Our youngest son, Nathan, nineteen years old, died by suicide August 11, 1996. His death plunged me into a sea of terrifying feelings I never knew existed. I went into therapy and submerged myself in my grief through reading, journaling, telling my story over and over, and crying.
I was raking leaves on a nippy November day 15 months after Nate died and both our dog, Missy, and I were miserable. Missy, because it was cold and damp out and she wanted me to get done with my task, and I, because Nate should have been there to help me and life was just too hard. I began complaining to God what a tiring job grieving was, and couldn't it at least provide lunch and coffee breaks? And the following words formed in my head. Sitting at the kitchen table, the words tumbled out, my "scolding" God. However, when I read it over the next day, I saw how God had been healing my broken heart and in the process, my spirit was developing a wider view of life.
I offer this writing to other grieving people as a gift of hope - hope that you, too, will heal as you do your grief work. Thank you for letting me share it with you.
The Unwanted Job
Ruth Tulloch, November 1997
The job was thrust upon me suddenly, with no forethought, consultation, or preparation.
My position title read, "Mourner".
And once appointed to the position,
no amount of pleading revoked the assignment.
The job description dismally read
No coffee breaks or lunch hours,
no sick days, personal time, or vacations;
total commitment demanded;
How long, I asked, must I labor at this mourning? I get so tired of my daily tasks
looking at photos of Nathan, son of promise and hope;
wandering into his room, fingering his pitifully few possessions;
watching videos to hear his voice and laugh for fear of forgetting him;
mulling over in my mind
the final moments of his life,
the sheriff delivering the numbing news,
his strong, young body lying lifeless,
the final good-bye for now as the casket lid closed;
questioning God - Where were you? Can t I trust you?

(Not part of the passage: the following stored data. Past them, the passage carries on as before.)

definition pos_roots :: "folding \<Rightarrow> (nat \<Rightarrow> real) set" where
  "pos_roots F = {v \<in> roots F. \<forall>i. 0 \<le> v i}"

fun chebU :: "nat \<Rightarrow> real \<Rightarrow> real" where
  "chebU 0 x = 1"
| "chebU (Suc 0) x = 2 * x"
| "chebU (Suc (Suc k)) x = 2 * x * chebU (Suc k) x - chebU k x"

definition theta :: "folding \<Rightarrow> nat \<Rightarrow> real" where
  "theta F k = chebU k (cos (pi / real (2 * npar F + 1)))"

text \<open>Elements of Lambda^+_{2n+1}: N-combinations of psi_0..psi_{n-1}, as multisets of indices.\<close>
definition Rplus :: "folding \<Rightarrow> nat multiset set" where
  "Rplus F = {r. set_mset r \<subseteq> {..<npar F}}"

definition sigma :: "folding \<Rightarrow> nat multiset \<Rightarrow> real" where
  "sigma F r = (\<Sum>k\<in>#r. theta F k)"

text \<open>index reduction M^(2n-1-k) = M^(k)\<close>
definition red :: "folding \<Rightarrow> nat \<Rightarrow> nat" where
  "red F i = (if i < npar F then i else 2 * npar F - 1 - i)"

text \<open>psi_k M^(l) = sum_{j=0}^{min k l} M^(|k-l|+2j)\<close>
definition fusion :: "folding \<Rightarrow> nat \<Rightarrow> nat \<Rightarrow> nat multiset" where
  "fusion F k l = image_mset (\<lambda>j. red F (max k l - min k l + 2 * j)) (mset [0..<Suc (min k l)])"

section \<open>Object-level models of M_F and D_F (Krull-Schmidt: objects up to iso = multisets
  of indecomposables). M^(k)_alpha is the label (alpha,k); Sigma^l M^(k)_alpha is (alpha,k,l).\<close>

type_synonym mlabel = "(nat \<Rightarrow> real) \<times> nat"
type_synonym dlabel = "(nat \<Rightarrow> real) \<times> nat \<times> int"

definition ObjM :: "folding \<Rightarrow> mlabel multiset set" where
  "ObjM F = {X. \<forall>p\<in>#X. fst p \<in> pos_roots F \<and> snd p < npar F}"

definition ObjD :: "folding \<Rightarrow> dlabel multiset set" where
  "ObjD F = {X. \<forall>p\<in>#X. fst p \<in> pos_roots F \<and> fst (snd p) < npar F}"

definition actM :: "folding \<Rightarrow> nat multiset \<Rightarrow> mlabel multiset \<Rightarrow> mlabel multiset" where
  "actM F r X = (\<Sum>k\<in>#r. \<Sum>p\<in>#X. image_mset (\<lambda>k'. (fst p, k')) (fusion F k (snd p)))"

definition actD :: "folding \<Rightarrow> nat multiset \<Rightarrow> dlabel multiset \<Rightarrow> dlabel multiset" where
  "actD F r X = (\<Sum>k\<in>#r. \<Sum>p\<in>#X.
      image_mset (\<lambda>k'. (fst p, k', snd (snd p))) (fusion F k (fst (snd p))))"

definition piF :: "folding \<Rightarrow> mlabel multiset \<Rightarrow> (nat \<Rightarrow> real)" where
  "piF F X = (\<lambda>i. \<Sum>p\<in>#X. theta F (snd p) * fst p i)"

definition partialF :: "folding \<Rightarrow> dlabel multiset \<Rightarrow> (nat \<Rightarrow> real)" where
  "partialF F X = (\<lambda>i. \<Sum>p\<in>#X. (if even (snd (snd p)) then 1 else -1)
                              * theta F (fst (snd p)) * fst p i)"

definition indec :: "'b multiset \<Rightarrow> bool" where
  "indec X = (size X = 1)"

text \<open>L is R_+-generated by M with witnesses r,s (split sequence: rM = sM (+) L); index r - s\<close>
definition gen_idx :: "(nat multiset \<Rightarrow> 'b multiset \<Rightarrow> 'b multiset) \<Rightarrow> nat multiset set
    \<Rightarrow> 'b multiset \<Rightarrow> 'b multiset \<Rightarrow> nat multiset \<Rightarrow> nat multiset \<Rightarrow> bool" where
  "gen_idx act R L M r s = (r \<in> R \<and> s \<in> R \<and> act r M = act s M + L)"
lemma Union_cycle_index_images: "(\<Union>i\<in>I. cycle_index p ` A i) = {1..n}"
proof -
  have "(\<Union>B\<in>set_orbit (sigma p n) (A i). cycle_index p ` B) = cycle_index p ` A i" for i
  proof
    show "(\<Union>B\<in>set_orbit (sigma p n) (A i). cycle_index p ` B) \<subseteq> cycle_index p ` A i"
      using cycle_index_image_set_orbit[OF p_pos] by blast
    show "cycle_index p ` A i \<subseteq> (\<Union>B\<in>set_orbit (sigma p n) (A i). cycle_index p ` B)"
      using self_in_set_orbit by blast
  qed
  then have "(\<Union>B\<in>\<omega>. cycle_index p ` B) = (\<Union>i\<in>I. cycle_index p ` A i)"
    unfolding representatives_cover UN_UN_flatten by simp
  then show ?thesis
    using cycle_index_blocks_cover by simp
qed

lemma partition_on_cycle_index_images:
  "partition_on {1..n} ((\<lambda>i. cycle_index p ` A i) ` I)"
proof (rule partition_onI)
  show "\<Union> ((\<lambda>i. cycle_index p ` A i) ` I) = {1..n}"
    by (rule Union_cycle_index_images)
  show "disjnt P Q"
    if "P \<in> (\<lambda>i. cycle_index p ` A i) ` I" "Q \<in> (\<lambda>i. cycle_index p ` A i) ` I" "P \<noteq> Q" for P Q
    using that cycle_index_images_disjoint unfolding disjnt_def by blast
  show "{} \<notin> (\<lambda>i. cycle_index p ` A i) ` I"
  proof
    assume "{} \<in> (\<lambda>i. cycle_index p ` A i) ` I"
    then obtain i where "i \<in> I" "A i = {}" by auto
    then show False using representatives block_nonempty by blast
  qed
qed

lemma inj_on_cycle_index_images: "inj_on (\<lambda>i. cycle_index p ` A i) I"
proof (rule inj_onI, rule ccontr)
  fix i i' assume i: "i \<in> I" "i' \<in> I" and eq: "cycle_index p ` A i = cycle_index p ` A i'"
    and "i \<noteq> i'"
  then have "cycle_index p ` A i = {}"
    using cycle_index_images_disjoint[OF i \<open>i \<noteq> i'\<close>] by (simp only: Int_absorb)
  then show False
    using representatives i(1) block_nonempty by blast
qed

end
(* The score Jacobian of a Gaussian mixture is -I/s + C(x)/s^2, where C(x) is the covariance of
   the offsets x - mu_k under the posterior weights proportional to w_k exp(-|x - mu_k|^2/(2s));
   the normalising constant (2 pi s)^(-d/2) does not depend on x and drops out of the Hessian of
   the logarithm. At the centroid these weights are w_k exp(-|nu_k|^2/(2s)), and expanding the
   exponentials to first order in 1/s gives C = W + (<d^2> W - Q)/(2s) + O(1/s^2): the first
   moment sum_k w_k nu_k vanishes, so the squared mean enters only at order 1/s^2, and the
   <d^2> W term comes from normalising by the total mass 1 - <d^2>/(2s) + O(1/s^2). Dividing by
   s^2 gives the expansion entrywise, and hence in norm. *)

theory Submission
  imports Defs "HOL-Real_Asymp.Real_Asymp"
begin

section \<open>The Hessian of the log-density\<close>

lemma outer_nth: "outer u v $ i = u $ i *\<^sub>R v"
  by (simp add: outer_def vec_eq_iff)

lemma mat_1_nth: "mat 1 $ i = axis i 1"
  by (simp add: mat_def axis_def vec_eq_iff)

lemma grad_eqI:
  assumes "(f has_derivative (\<lambda>h. v \<bullet> h)) (at x)"
  shows "grad f x = v"
  by (simp add: grad_def frechet_derivative_at[OF assms, symmetric] vec_eq_iff inner_axis)

lemma hessian_eqI:
  assumes "\<And>i. ((\<lambda>y. grad f y $ i) has_derivative (\<lambda>h. H $ i \<bullet> h)) (at x)"
  shows "hessian f x = H"
  by (simp add: hessian_def frechet_derivative_at[OF assms, symmetric] vec_eq_iff inner_axis)

definition gauss_kernel :: "real \<Rightarrow> real ^ 'd \<Rightarrow> real ^ 'd \<Rightarrow> real" where
  "gauss_kernel s m x = exp (- (norm (x - m))\<^sup>2 / (2 * s))"

definition kernel_sum ::
    "('k::finite \<Rightarrow> real) \<Rightarrow> ('k \<Rightarrow> real ^ 'd) \<Rightarrow> real \<Rightarrow> real ^ 'd \<Rightarrow> real" where
  "kernel_sum w mu s x = (\<Sum>k\<in>UNIV. w k * gauss_kernel s (mu k) x)"

definition kernel_moment1 ::
    "('k::finite \<Rightarrow> real) \<Rightarrow> ('k \<Rightarrow> real ^ 'd) \<Rightarrow> real \<Rightarrow> real ^ 'd \<Rightarrow> real ^ 'd" where
  "kernel_moment1 w mu s x = (\<Sum>k\<in>UNIV. (w k * gauss_kernel s (mu k) x) *\<^sub>R (x - mu k))"

definition kernel_moment2 ::
    "('k::finite \<Rightarrow> real) \<Rightarrow> ('k \<Rightarrow> real ^ 'd) \<Rightarrow> real \<Rightarrow> real ^ 'd \<Rightarrow> real ^ 'd ^ 'd" where
  "kernel_moment2 w mu s x =
     (\<Sum>k\<in>UNIV. (w k * gauss_kernel s (mu k) x) *\<^sub>R outer (x - mu k) (x - mu k))"

lemma gmix_eq_kernel_sum:
  "gmix w mu s x = (2 * pi * s) powr (- real CARD('d) / 2) * kernel_sum w mu s (x :: real ^ 'd)"
  by (simp add: gmix_def gauss_iso_def kernel_sum_def gauss_kernel_def sum_distrib_left mult_ac)

lemma kernel_sum_pos:
  assumes "\<And>k. w k > 0"
  shows "kernel_sum w mu s x > 0"
  unfolding kernel_sum_def gauss_kernel_def by (rule sum_pos) (simp_all add: assms)

lemma has_derivative_gauss_kernel:
  assumes "s \<noteq> 0"
  shows "(gauss_kernel s m has_derivative
           (\<lambda>h. - (gauss_kernel s m y / s) * (h \<bullet> (y - m)))) (at y)"
  unfolding gauss_kernel_def[abs_def] power2_norm_eq_inner
  by (rule derivative_eq_intros refl)+ (use assms in \<open>auto simp: inner_commute field_simps\<close>)

lemma has_derivative_kernel_sum:
  assumes "s \<noteq> 0"
  shows "(kernel_sum w mu s has_derivative (\<lambda>h. - (h \<bullet> kernel_moment1 w mu s y) / s)) (at y)"
proof -
  have "(kernel_sum w mu s has_derivative
      (\<lambda>h. \<Sum>k\<in>UNIV. w k * (- (gauss_kernel s (mu k) y / s) * (h \<bullet> (y - mu k))))) (at y)"
    unfolding kernel_sum_def[abs_def]
    by (intro has_derivative_sum has_derivative_mult_right has_derivative_gauss_kernel assms)
  then show ?thesis
    by (rule has_derivative_eq_rhs)
       (simp add: fun_eq_iff kernel_moment1_def inner_sum_right sum_divide_distrib sum_negf
         mult_ac)
qed
(* Let $\ell\ge2$ and let $\lambda$ be an $\ell$-core. Then the $n$-vector $(b_0,\ldots,b_{\ell-1})$ of $\lambda$ equals $\pi_\ell^{-1}(\lambda)$.
   Context: Partitions are in English notation; box $(x,y)$ is in row $x$, column $y$. Hook length of a box: boxes weakly to its right in its row plus boxes strictly below it in its column; an $\ell$-core has no hook length divisible by $\ell$. $n$-vector: set $\lambda_p=0$ for $p$ larger than the number of nonzero parts. For $p\ge1$ let $r_p=\lfloor(\lambda_p-p)/\ell\rfloor+1$ (the region of the box $(p,\lambda_p)$, where region $r$ consists of boxes $(x,y)$ with $(r-1)\ell\le y-x<r\ell$). For $0\le j\le\ell-1$, $b_j=\max\{r_p: p\ge1,\ \lambda_p-p\equiv j\pmod\ell\}$. For $\mathbf{b}=(b_0,\ldots,b_{\ell-1})\in\mathbf{Z}^\ell$ with $\sum b_j=0$, let $X(\mathbf{b})=\{r\ell+j:0\le j\le\ell-1,\ r\in\mathbf{Z},\ r\le b_j\}$ and let $\pi_\ell(\mathbf{b})$ be the partition whose nonzero parts are the positive values of $\#\{y\in\mathbf{Z}\setminus X(\mathbf{b}):y<x\}$, $x\in X(\mathbf{b})$. It is known that $\pi_\ell$ is a bijection from $\{\mathbf{b}\in\mathbf{Z}^\ell:\sum b_j=0\}$ onto the set of $\ell$-cores. *)

theory Defs
  imports Main "HOL-Library.Multiset"
begin

definition is_partition :: "nat list \<Rightarrow> bool" where
  "is_partition lam \<longleftrightarrow> sorted_wrt (\<ge>) lam \<and> 0 \<notin> set lam"

definition part :: "nat list \<Rightarrow> nat \<Rightarrow> nat" where
  "part lam p = (if 1 \<le> p \<and> p \<le> length lam then lam ! (p - 1) else 0)"

definition in_diagram :: "nat list \<Rightarrow> nat \<Rightarrow> nat \<Rightarrow> bool" where
  "in_diagram lam x y \<longleftrightarrow> 1 \<le> x \<and> 1 \<le> y \<and> y \<le> part lam x"

text \<open>Hook length of box (x,y): boxes weakly to its right in row x plus boxes strictly below it.\<close>
definition hook :: "nat list \<Rightarrow> nat \<Rightarrow> nat \<Rightarrow> nat" where
  "hook lam x y = (part lam x + 1 - y) + card {z. x < z \<and> y \<le> part lam z}"

definition is_core :: "nat \<Rightarrow> nat list \<Rightarrow> bool" where
  "is_core l lam \<longleftrightarrow> is_partition lam \<and>
     (\<forall>x y. in_diagram lam x y \<longrightarrow> \<not> l dvd hook lam x y)"

definition region :: "nat \<Rightarrow> nat list \<Rightarrow> nat \<Rightarrow> int" where
  "region l lam p = (int (part lam p) - int p) div int l + 1"

definition nvec :: "nat \<Rightarrow> nat list \<Rightarrow> int list" where
  "nvec l lam = map (\<lambda>j. Sup {region l lam p | p. 1 \<le> p \<and>
        (int (part lam p) - int p) mod int l = int j}) [0..<l]"

definition Xset :: "nat \<Rightarrow> int list \<Rightarrow> int set" where
  "Xset l b = {r * int l + int j | r j. j < l \<and> r \<le> b ! j}"

definition gapcount :: "nat \<Rightarrow> int list \<Rightarrow> int \<Rightarrow> nat" where
  "gapcount l b x = card {y. y \<notin> Xset l b \<and> y < x}"

definition pi_l :: "nat \<Rightarrow> int list \<Rightarrow> nat list" where
  "pi_l l b = rev (sorted_list_of_multiset
     (image_mset (gapcount l b) (mset_set {x \<in> Xset l b. 0 < gapcount l b x})))"

end

theory Submission
  imports Defs
begin

text \<open>Place beads at the integers \<open>\<lambda>\<^sub>p - p\<close>, \<open>p \<ge> 1\<close>. For an \<open>\<ell>\<close>-core this bead set is
  closed under subtracting \<open>\<ell>\<close>: if \<open>\<lambda>\<^sub>p - p - \<ell>\<close> were missing, the box of row \<open>p\<close> whose leg
  ends in the last row \<open>q\<close> with \<open>\<lambda>\<^sub>q - q > \<lambda>\<^sub>p - p - \<ell>\<close> would have hook length exactly \<open>\<ell>\<close>.
  So on each runner (residue class mod \<open>\<ell>\<close>) the beads are all positions below the topmost one,
  whose region is \<open>b\<^sub>j\<close>; hence \<open>X(b)\<close> is the bead set shifted by \<open>\<ell>\<close>. Counting the beads above a
  low threshold once along the rows and once along the runners gives \<open>\<Sum> b\<^sub>j = 0\<close>, and the
  number of gaps below the bead \<open>\<lambda>\<^sub>p - p\<close> is \<open>\<lambda>\<^sub>p\<close>, which recovers the parts from \<open>\<pi>\<^sub>\<ell>(b)\<close>.\<close>

lemma strict_decreasing_crossing:
  fixes f :: "nat \<Rightarrow> int"
  assumes dec: "\<And>n. p \<le> n \<Longrightarrow> f (Suc n) < f n" and "y < f p"
  shows "\<exists>q\<ge>p. y < f q \<and> f (Suc q) \<le> y"
proof (rule ccontr)
  assume "\<not> ?thesis"
  then have stay: "\<And>q. p \<le> q \<Longrightarrow> y < f q \<Longrightarrow> y < f (Suc q)" by force
  have "y < f (p + k) \<and> f (p + k) \<le> f p - int k" for k
  proof (induction k)
    case (Suc k)
    then show ?case using stay[of "p + k"] dec[of "p + k"] by simp
  qed (use \<open>y < f p\<close> in simp)
  from this[of "nat (f p - y)"] show False using \<open>y < f p\<close> by linarith
qed

lemma down_closed_iterate:
  fixes S :: "int set"
  assumes down: "\<And>x. x \<in> S \<Longrightarrow> x - d \<in> S" and "x \<in> S"
  shows "x - int k * d \<in> S"
proof (induction k)
  case 0 show ?case using \<open>x \<in> S\<close> by simp
next
  case (Suc k)
  then have "x - int k * d - d \<in> S" by (rule down)
  then show ?case by (simp add: algebra_simps)
qed

definition abacus :: "nat \<Rightarrow> (nat \<Rightarrow> int) \<Rightarrow> int set \<Rightarrow> bool" where
  "abacus l c S \<longleftrightarrow> (\<forall>j<l. \<forall>r. r * int l + int j \<in> S \<longleftrightarrow> r < c j)"

lemma abacus_of_down_closed:
  fixes S :: "int set" and l :: nat
  assumes l: "0 < l"
    and down: "\<And>x. x \<in> S \<Longrightarrow> x - int l \<in> S"
    and bdd: "\<And>x. x \<in> S \<Longrightarrow> x \<le> u"
    and classes: "\<And>j. j < l \<Longrightarrow> \<exists>x\<in>S. x mod int l = int j"
  shows "abacus l (\<lambda>j. Sup ((\<lambda>x. x div int l + 1) ` {x\<in>S. x mod int l = int j})) S"
  unfolding abacus_def
proof (intro allI impI)
  fix j r assume j: "j < l"
  let ?T = "{x\<in>S. x mod int l = int j}"
  let ?R = "(\<lambda>x. x div int l + 1) ` ?T"
  have "?R \<noteq> {}" using classes[OF j] by auto
  moreover have "bdd_above ?R"
    using bdd l by (intro bdd_aboveI[of _ "u div int l + 1"]) (auto intro!: zdiv_mono1)
  ultimately have less_Sup: "r < Sup ?R \<longleftrightarrow> (\<exists>x\<in>?T. r \<le> x div int l)"
    by (simp add: less_cSup_iff)
  have class_j: "(r * int l + int j) mod int l = int j" "(r * int l + int j) div int l = r"
    using j by simp_all
  show "r * int l + int j \<in> S \<longleftrightarrow> r < Sup ?R"
  proof
    assume "r * int l + int j \<in> S"
    then have "\<exists>x\<in>?T. r \<le> x div int l"
      using class_j by (intro bexI[of _ "r * int l + int j"]) simp_all
    then show "r < Sup ?R" using less_Sup by blast
  next
    assume "r < Sup ?R"
    then obtain x where x: "x \<in> S" "x mod int l = int j" "r \<le> x div int l"
      using less_Sup by blast
    define d where "d = x div int l"
    have "x - int (nat (d - r)) * int l \<in> S"
      by (rule down_closed_iterate[OF down x(1)])
    moreover have "x = d * int l + int j" using x(2) unfolding d_def by (metis div_mult_mod_eq)
    moreover have "r \<le> d" using x(3) unfolding d_def .
    ultimately show "r * int l + int j \<in> S" by (simp add: algebra_simps)
  qed
qed

lemma abacus_mem_iff:
  assumes "abacus l c S" "0 < l"
  shows "x \<in> S \<longleftrightarrow> x div int l < c (nat (x mod int l))"
proof -
  have "x = x div int l * int l + int (nat (x mod int l))" using assms(2) by simp
  moreover have "nat (x mod int l) < l" using assms(2) by (simp add: nat_less_iff)
  ultimately show ?thesis using assms(1) unfolding abacus_def by metis
qed

lemma Xset_eq_shift:
  assumes "abacus l (nth b) S" "0 < l"
  shows "Xset l b = (\<lambda>x. x + int l) ` S"
proof (intro set_eqI iffI)
  fix z assume "z \<in> Xset l b"
  then obtain r j where "z = r * int l + int j" "j < l" "r \<le> b ! j" by (auto simp: Xset_def)
  moreover from this(3) have "r - 1 < b ! j" by simp
  ultimately have "(r - 1) * int l + int j \<in> S" using assms(1) unfolding abacus_def by blast
  also have "(r - 1) * int l + int j = z - int l"
    using \<open>z = r * int l + int j\<close> by (simp add: algebra_simps)
  finally have "z - int l \<in> S" .
  then show "z \<in> (\<lambda>x. x + int l) ` S" by force
next
  fix z assume "z \<in> (\<lambda>x. x + int l) ` S"
  then obtain x where x: "x \<in> S" "z = x + int l" by auto
  define j where "j = nat (x mod int l)"
  have "j < l" using assms(2) by (simp add: j_def nat_less_iff)
  moreover have "x div int l < b ! j" using abacus_mem_iff[OF assms] x(1) j_def by simp
  moreover have "z = (x div int l + 1) * int l + int j" using x(2) assms(2)
    by (simp add: j_def algebra_simps)
  ultimately show "z \<in> Xset l b" unfolding Xset_def by force
qed

lemma gapcount_shift:
  assumes "Xset l b = (\<lambda>x. x + int l) ` S"
  shows "gapcount l b (x + int l) = card {y. y \<notin> S \<and> y < x}"
proof -
  have "{y. y \<notin> Xset l b \<and> y < x + int l} = (\<lambda>y. y + int l) ` {y. y \<notin> S \<and> y < x}"
  proof (intro set_eqI iffI)
    fix y assume "y \<in> {y. y \<notin> Xset l b \<and> y < x + int l}"
    then show "y \<in> (\<lambda>y. y + int l) ` {y. y \<notin> S \<and> y < x}"
      unfolding assms by (intro image_eqI[of _ _ "y - int l"]) force+
  qed (auto simp: assms)
  then show ?thesis unfolding gapcount_def by (simp add: card_image)
qed

lemma card_abacus_ge:
  fixes L :: int
  assumes S: "abacus l c S" and l: "0 < l" and low: "\<And>j. j < l \<Longrightarrow> - L \<le> c j"
  shows "int (card {x \<in> S. - L * int l \<le> x}) = (\<Sum>j<l. c j + L)"
proof -
  define g where "g = (\<lambda>(j, r). r * int l + int j)"
  define R where "R = Sigma {..<l} (\<lambda>j. {- L..<c j})"
  have "inj_on g R"
  proof (rule inj_onI)
    fix a b assume "a \<in> R" "b \<in> R" "g a = g b"
    then obtain j r j' r' where "a = (j, r)" "b = (j', r')" "j < l" "j' < l"
      and eq: "r * int l + int j = r' * int l + int j'" by (auto simp: R_def g_def)
    moreover have "r = r'" using arg_cong[OF eq, of "\<lambda>x. x div int l"] \<open>j < l\<close> \<open>j' < l\<close> by simp
    moreover have "j = j'" using arg_cong[OF eq, of "\<lambda>x. x mod int l"] \<open>j < l\<close> \<open>j' < l\<close> by simp
    ultimately show "a = b" by simp
  qed
  moreover have "g ` R = {x \<in> S. - L * int l \<le> x}"
  proof (intro set_eqI iffI)
    fix x assume "x \<in> g ` R"
    then obtain j r where jr: "j < l" "- L \<le> r" "r < c j" "x = r * int l + int j"
      by (auto simp: R_def g_def)
    then have "x \<in> S" using S unfolding abacus_def by blast
    moreover have "- L * int l \<le> r * int l" using jr(2) by (intro mult_right_mono) auto
    ultimately show "x \<in> {x \<in> S. - L * int l \<le> x}" using jr(4) by simp
  next
    fix x assume x: "x \<in> {x \<in> S. - L * int l \<le> x}"
    define j where "j = nat (x mod int l)"
    have "j < l" using l by (simp add: j_def nat_less_iff)
    moreover have "x div int l < c j" using abacus_mem_iff[OF S l] x j_def by simp
    moreover have "- L \<le> x div int l"
    proof -
      have "(- L * int l) div int l \<le> x div int l" using x l by (intro zdiv_mono1) auto
      moreover have "(- L * int l) div int l = - L"
        using l by (metis nonzero_mult_div_cancel_right of_nat_0_less_iff less_irrefl)
      ultimately show ?thesis by simp
    qed
    moreover have "x = g (j, x div int l)" using l by (simp add: g_def j_def)
    ultimately show "x \<in> g ` R" unfolding R_def by force
  qed
  ultimately have "card {x \<in> S. - L * int l \<le> x} = card R" using card_image by fastforce
  also have "card R = (\<Sum>j<l. nat (c j + L))" by (simp add: R_def)
  also have "int \<dots> = (\<Sum>j<l. c j + L)"
    unfolding of_nat_sum using low by (intro sum.cong) force+
  finally show ?thesis .
qed

lemma part_antimono:
  assumes "is_partition lam" "1 \<le> p" "p \<le> q"
  shows "part lam q \<le> part lam p"
proof (cases "q \<le> length lam")
  case True
  have "sorted_wrt (\<ge>) lam" using assms(1) by (simp add: is_partition_def)
  then have "lam ! (q - 1) \<le> lam ! (p - 1)"
    using True assms(2,3) by (cases "p = q") (auto simp: sorted_wrt_iff_nth_less)
  then show ?thesis using True assms by (simp add: part_def)
qed (simp add: part_def)

lemma part_eq_0: "length lam < p \<Longrightarrow> part lam p = 0"
  by (simp add: part_def)

lemma part_pos:
  assumes "is_partition lam" "1 \<le> p" "p \<le> length lam"
  shows "0 < part lam p"
proof -
  have "lam ! (p - 1) \<in> set lam" using assms(2,3) by (intro nth_mem) simp
  then have "lam ! (p - 1) \<noteq> 0" using assms(1) unfolding is_partition_def by (metis)
  then show ?thesis using assms(2,3) by (simp add: part_def)
qed

lemma mset_eq_image_part: "mset lam = image_mset (part lam) (mset_set {1..length lam})"
proof -
  have "map (part lam) [1..<Suc (length lam)] = lam"
    by (rule nth_equalityI) (simp_all add: part_def del: upt_Suc)
  then show ?thesis by (metis atLeastLessThanSuc_atLeastAtMost mset_map mset_upt)
qed

lemma hook_eq_leg:
  assumes lam: "is_partition lam" and "1 \<le> p" "p \<le> q" "c \<le> part lam q" "part lam (Suc q) < c"
  shows "hook lam p c = part lam p + 1 - c + (q - p)"
proof -
  have "{z. p < z \<and> c \<le> part lam z} = {p<..q}"
  proof (intro set_eqI iffI)
    fix z assume z: "z \<in> {z. p < z \<and> c \<le> part lam z}"
    have "z \<le> q"
    proof (rule ccontr)
      assume "\<not> z \<le> q"
      then have "part lam z \<le> part lam (Suc q)" using part_antimono[OF lam, of "Suc q" z] by simp
      then show False using z assms(5) by simp
    qed
    then show "z \<in> {p<..q}" using z by simp
  next
    fix z assume "z \<in> {p<..q}"
    then show "z \<in> {z. p < z \<and> c \<le> part lam z}"
      using part_antimono[OF lam, of z q] assms(2,4) by auto
  qed
  then show ?thesis by (simp add: hook_def)
qed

and crying ... and crying ... and crying.
As long as you need to, the disquieting answer came. You will know when your work is done.
Until then, you must do the necessary work of mourning in order to heal
allow family and friends to toil along side of you,
spend quiet times,
search your inner being for hidden resources,
ask your questions over and over again,
tell your story repeatedly,
be honest with God, He can take it,
acknowledge your anger ,
be patient with yourself;
and cry ... and cry ... and cry.
It is good I did not know the duration of my tenure. I would have despaired.
But a lifetime of a year has passed, and I find my load has miraculously lightened.
Now I can talk about Nathan without always crying,
look at his pictures and videos without longing to die to be with him,
some of the time control my thoughts, thinking of his death when I want to.
Now I can see beyond my pain to other s needs,
find some hope and purpose for going on living without him,
cry shorter periods without feeling hopeless.
No wages of dollar and cents compensate my grief; they would soon be spent and vanish.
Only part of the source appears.